Investors in the blossoming metaverse sector are comparing the new digital realm to prime New York real estate hundreds of years ago.
In a report from Markets Insider, Lorne Sugarman, CEO of virtual real estate company Metaverse Group, explains his logic behind paying serious money for buying plots of digital land on virtual reality platform Decentraland (MANA).
“We think the Fashion District purchase is like buying on Fifth Avenue back in the 1800s … or the creation of Rodeo Drive…”
The Fashion District is an area in Decentraland where users can shop for virtual clothes from real brands like Ralph Lauren, Gucci or Prada. Sugarman also believes Decentraland’s real estate will be able to maintain it’s scarcity because of the virtual world being a decentralized autonomous organization (DAO).
“Because Decentraland is a DAO, or a community, if they were ever going to release new land, they would have to get all the currency holders, as well as all the landholders, to vote that they had agreed to that.
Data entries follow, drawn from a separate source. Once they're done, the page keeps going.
(* Let $d\ge 1$ and $\eta>0$. Consider two agents with opinions $\mathbf{X}_t^{(1)},\mathbf{X}_t^{(2)}\in\mathbb{S}^{d-1}$ following the HJMR dynamics $\mathbf{X}_{t+1}^{(i)}=P_{\mathbb{S}^{d-1}}\big(\mathbf{X}_t^{(i)}+\eta\langle\mathbf{X}_t^{(i)},\xi_t\rangle\xi_t\big)$, $i=1,2$, where $\xi_0,\xi_1,\ldots$ are i.i.d. uniform on the standard basis $\{\mathbf{e}_1,\ldots,\mathbf{e}_d\}$. Let $\mathbf{X}_0=(\mathbf{X}_0^{(1)},\mathbf{X}_0^{(2)})$ be such that $\mathbf{X}_0^{(1)}$ and $\mathbf{X}_0^{(2)}$ have the same support (the same set of nonzero coordinates) but $\mathbf{X}_0^{(1)}\neq\pm\mathbf{X}_0^{(2)}$. Then: (1) $\mathbf{X}_t$ weakly polarizes: for every $\epsilon>0$, $\Pr(\rho(\mathbf{X}_t,P)\ge\epsilon)\to 0$ as $t\to\infty$. (2) With probability $1$, $\|\mathbf{X}_t^{(1)}-\mathbf{X}_t^{(2)}\|_2$ converges neither to $0$ nor to $2$; in particular $\mathbf{X}_t$ does not strongly polarize with positive probability.
   Context: $\mathbb{S}^{d-1}$ is the unit sphere in $\mathbb{R}^d$, $P_{\mathbb{S}^{d-1}}(\mathbf{x})=\mathbf{x}/\|\mathbf{x}\|_2$. The polarized set (for two agents) is $P=\{(\mathbf{x},\sigma\mathbf{x}):\mathbf{x}\in\mathbb{S}^{d-1},\sigma\in\{-1,1\}\}$ and $\rho(\mathbf{z},P)=\inf_{\mathbf{y}\in P}\|\mathbf{z}-\mathbf{y}\|_2$. Strong polarization means $\rho(\mathbf{X}_t,P)\to0$ almost surely. *)

theory Defs
  imports "HOL-Probability.Probability"
begin

definition sphere_proj :: "real ^ 'd \<Rightarrow> real ^ 'd" where
  "sphere_proj x = (1 / norm x) *\<^sub>R x"

definition hjmr_step :: "real \<Rightarrow> 'd::finite \<Rightarrow> real ^ 'd \<Rightarrow> real ^ 'd" where
  "hjmr_step \<eta> k x = sphere_proj (x + (\<eta> * (x \<bullet> axis k 1)) *\<^sub>R axis k 1)"

primrec hjmr_traj :: "real \<Rightarrow> ('a \<Rightarrow> nat \<Rightarrow> 'd::finite) \<Rightarrow> real ^ 'd \<Rightarrow> 'a \<Rightarrow> nat \<Rightarrow> real ^ 'd" where
  "hjmr_traj \<eta> \<xi> x0 \<omega> 0 = x0"
| "hjmr_traj \<eta> \<xi> x0 \<omega> (Suc t) = hjmr_step \<eta> (\<xi> \<omega> t) (hjmr_traj \<eta> \<xi> x0 \<omega> t)"

text \<open>The polarized set P = {(x, sigma x) : x in S^(d-1), sigma in {-1,1}} in R^d x R^d
  (the product norm is the Euclidean norm of R^(2d)).\<close>
definition polarized_set :: "((real ^ 'd) \<times> (real ^ 'd)) set" where
  "polarized_set = {(x, \<sigma> *\<^sub>R x) | x \<sigma>. norm x = 1 \<and> (\<sigma> = -1 \<or> \<sigma> = 1)}"

definition rho_P :: "(real ^ 'd) \<times> (real ^ 'd) \<Rightarrow> real" where
  "rho_P z = infdist z polarized_set"

definition support :: "real ^ 'd \<Rightarrow> 'd set" where
  "support x = {i. x $ i \<noteq> 0}"

end

theory Submission
  imports Defs
begin

text \<open>After \<open>t\<close> steps each opinion is its initial value with coordinate \<open>j\<close> multiplied by
  \<open>(1 + \<eta>)\<^bsup>N\<^sub>t(j)\<^esup>\<close>, then normalized, where \<open>N\<^sub>t(j)\<close> counts the visits of \<open>e\<^sub>j\<close>.

  Weak polarization: by the central limit theorem any two visit counts differ by more than a
  fixed \<open>K\<close> with probability tending to one, and then both opinions lie within
  \<open>O((1 + \<eta>)\<^sup>-\<^sup>K)\<close> of \<open>\<plusminus>e\<^sub>k\<close> for the most visited coordinate \<open>k\<close> of the common support.

  No strong polarization: \<open>\<rho> \<rightarrow> 0\<close> forces every \<open>2 \<times> 2\<close> minor of the two opinions to vanish.
  Reweighting multiplies the \<open>(j, k)\<close> minor by \<open>(1 + \<eta>)\<^bsup>N(j) + N(k)\<^esup>\<close> over the product of
  the norms, and as the initial opinions are neither equal nor opposite but share their support,
  some initial minor is nonzero. Hence some label falls behind the leading one by an unbounded
  amount. That is a tail event of the i.i.d. labels, so it has probability 0 or 1 by Kolmogorov's
  law; by symmetry a fixed label leads at any given time with probability at least \<open>1 / d\<close>, so
  the probability is 0.\<close>

definition visits :: "(nat \<Rightarrow> 'a \<Rightarrow> 'd) \<Rightarrow> 'a \<Rightarrow> 'd \<Rightarrow> nat \<Rightarrow> nat" where
  "visits \<xi> \<omega> j t = card {s. s < t \<and> \<xi> s \<omega> = j}"

lemma visits_0 [simp]: "visits \<xi> \<omega> j 0 = 0"
  by (simp add: visits_def)

lemma visits_Suc: "visits \<xi> \<omega> j (Suc t) = visits \<xi> \<omega> j t + (if \<xi> t \<omega> = j then 1 else 0)"
proof -
  have "{s. s < Suc t \<and> \<xi> s \<omega> = j} = {s. s < t \<and> \<xi> s \<omega> = j} \<union> (if \<xi> t \<omega> = j then {t} else {})"
    by (auto simp: less_Suc_eq)
  then show ?thesis by (simp add: visits_def)
qed

lemma visits_eq_sum: "real (visits \<xi> \<omega> j t) = (\<Sum>s<t. if \<xi> s \<omega> = j then 1 else 0)"
  by (induction t) (simp_all add: visits_Suc)

lemma visits_shift: "visits \<xi> \<omega> j (m + t) = visits \<xi> \<omega> j m + visits (\<lambda>s. \<xi> (m + s)) \<omega> j t"
  by (induction t) (simp_all add: visits_Suc)

definition reweight :: "real \<Rightarrow> real ^ 'd \<Rightarrow> ('d \<Rightarrow> nat) \<Rightarrow> real ^ 'd" where
  "reweight q x n = (\<chi> j. q ^ n j * x $ j)"

lemma reweight_nth [simp]: "reweight q x n $ j = q ^ n j * x $ j"
  by (simp add: reweight_def)

lemma reweight_nonzero: "q > 0 \<Longrightarrow> x \<noteq> 0 \<Longrightarrow> reweight q x n \<noteq> 0"
  by (auto simp: vec_eq_iff)

lemma sphere_proj_scaleR: "c > 0 \<Longrightarrow> sphere_proj (c *\<^sub>R v) = sphere_proj v"
  by (simp add: sphere_proj_def)

lemma norm_sphere_proj: "v \<noteq> 0 \<Longrightarrow> norm (sphere_proj v) = 1"
  by (simp add: sphere_proj_def)

lemma hjmr_traj_eq_reweight:
  assumes "\<eta> > 0" "norm x = 1"
  shows "hjmr_traj \<eta> (\<lambda>\<omega> t. \<xi> t \<omega>) x \<omega> t = sphere_proj (reweight (1 + \<eta>) x (\<lambda>j. visits \<xi> \<omega> j t))"
proof (induction t)
  case 0
  have "reweight (1 + \<eta>) x (\<lambda>j. visits \<xi> \<omega> j 0) = x" by (simp add: vec_eq_iff)
  with assms show ?case by (simp add: sphere_proj_def)
next
  case (Suc t)
  define v where "v = reweight (1 + \<eta>) x (\<lambda>j. visits \<xi> \<omega> j t)"
  define k where "k = \<xi> t \<omega>"
  have "v \<noteq> 0" unfolding v_def using assms by (intro reweight_nonzero) auto
  have "sphere_proj v + (\<eta> * (sphere_proj v \<bullet> axis k 1)) *\<^sub>R axis k 1
        = (1 / norm v) *\<^sub>R (v + (\<eta> * v $ k) *\<^sub>R axis k 1)"
    by (simp add: sphere_proj_def inner_axis algebra_simps)
  moreover have "v + (\<eta> * v $ k) *\<^sub>R axis k 1 = reweight (1 + \<eta>) x (\<lambda>j. visits \<xi> \<omega> j (Suc t))"
    by (simp add: v_def k_def vec_eq_iff visits_Suc axis_def algebra_simps)
  ultimately show ?case using Suc \<open>v \<noteq> 0\<close>
    by (simp add: hjmr_step_def sphere_proj_scaleR v_def k_def)
qed

lemma norm_normalize_diff_le:
  fixes a b :: "'v::real_normed_vector"
  assumes "a \<noteq> 0" "b \<noteq> 0"
  shows "norm ((1 / norm a) *\<^sub>R a - (1 / norm b) *\<^sub>R b) \<le> 2 * norm (a - b) / norm a"
proof -
  have na: "norm a > 0" and nb: "norm b > 0" using assms by auto
  have "1 / norm a - 1 / norm b = (norm b - norm a) / (norm a * norm b)"
    using na nb by (simp add: field_simps)
  then have "(1 / norm a) *\<^sub>R a - (1 / norm b) *\<^sub>R b
      = (1 / norm a) *\<^sub>R (a - b) + ((norm b - norm a) / (norm a * norm b)) *\<^sub>R b"
    by (metis (no_types) diff_add_cancel scaleR_diff_left scaleR_diff_right add_diff_eq)
  then have "norm ((1 / norm a) *\<^sub>R a - (1 / norm b) *\<^sub>R b)
      \<le> norm ((1 / norm a) *\<^sub>R (a - b)) + norm (((norm b - norm a) / (norm a * norm b)) *\<^sub>R b)"
    by (metis norm_triangle_ineq)
  also have "\<dots> = norm (a - b) / norm a + \<bar>norm b - norm a\<bar> / norm a"
    using na nb by (simp add: abs_divide)
  also have "\<bar>norm b - norm a\<bar> \<le> norm (a - b)"
    using norm_triangle_ineq3[of b a] by (simp add: norm_minus_commute)
  finally show ?thesis using na by (simp add: divide_right_mono)
qed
The community isn’t going to want us to harm our value and our land and currency so I don’t believe that’s something that would happen. But if that were going to happen, it would have to be for a very good reason.”
Janine Yorio, co-founder and CEO of metaverse developer Republic Realm, says that the group had bought the equivalent of an entire city in the virtual world The Sandbox (SAND) to build something “very immersive.”
“We want to buy land and build things on it. The only way the metaverse becomes interesting is if there are things to do and people to see and places to go when you get there.”
Republic Realm broke records last month when it completed a $4.3 million purchase of land on The Sandbox, which is the biggest acquisition of digital real estate ever recorded.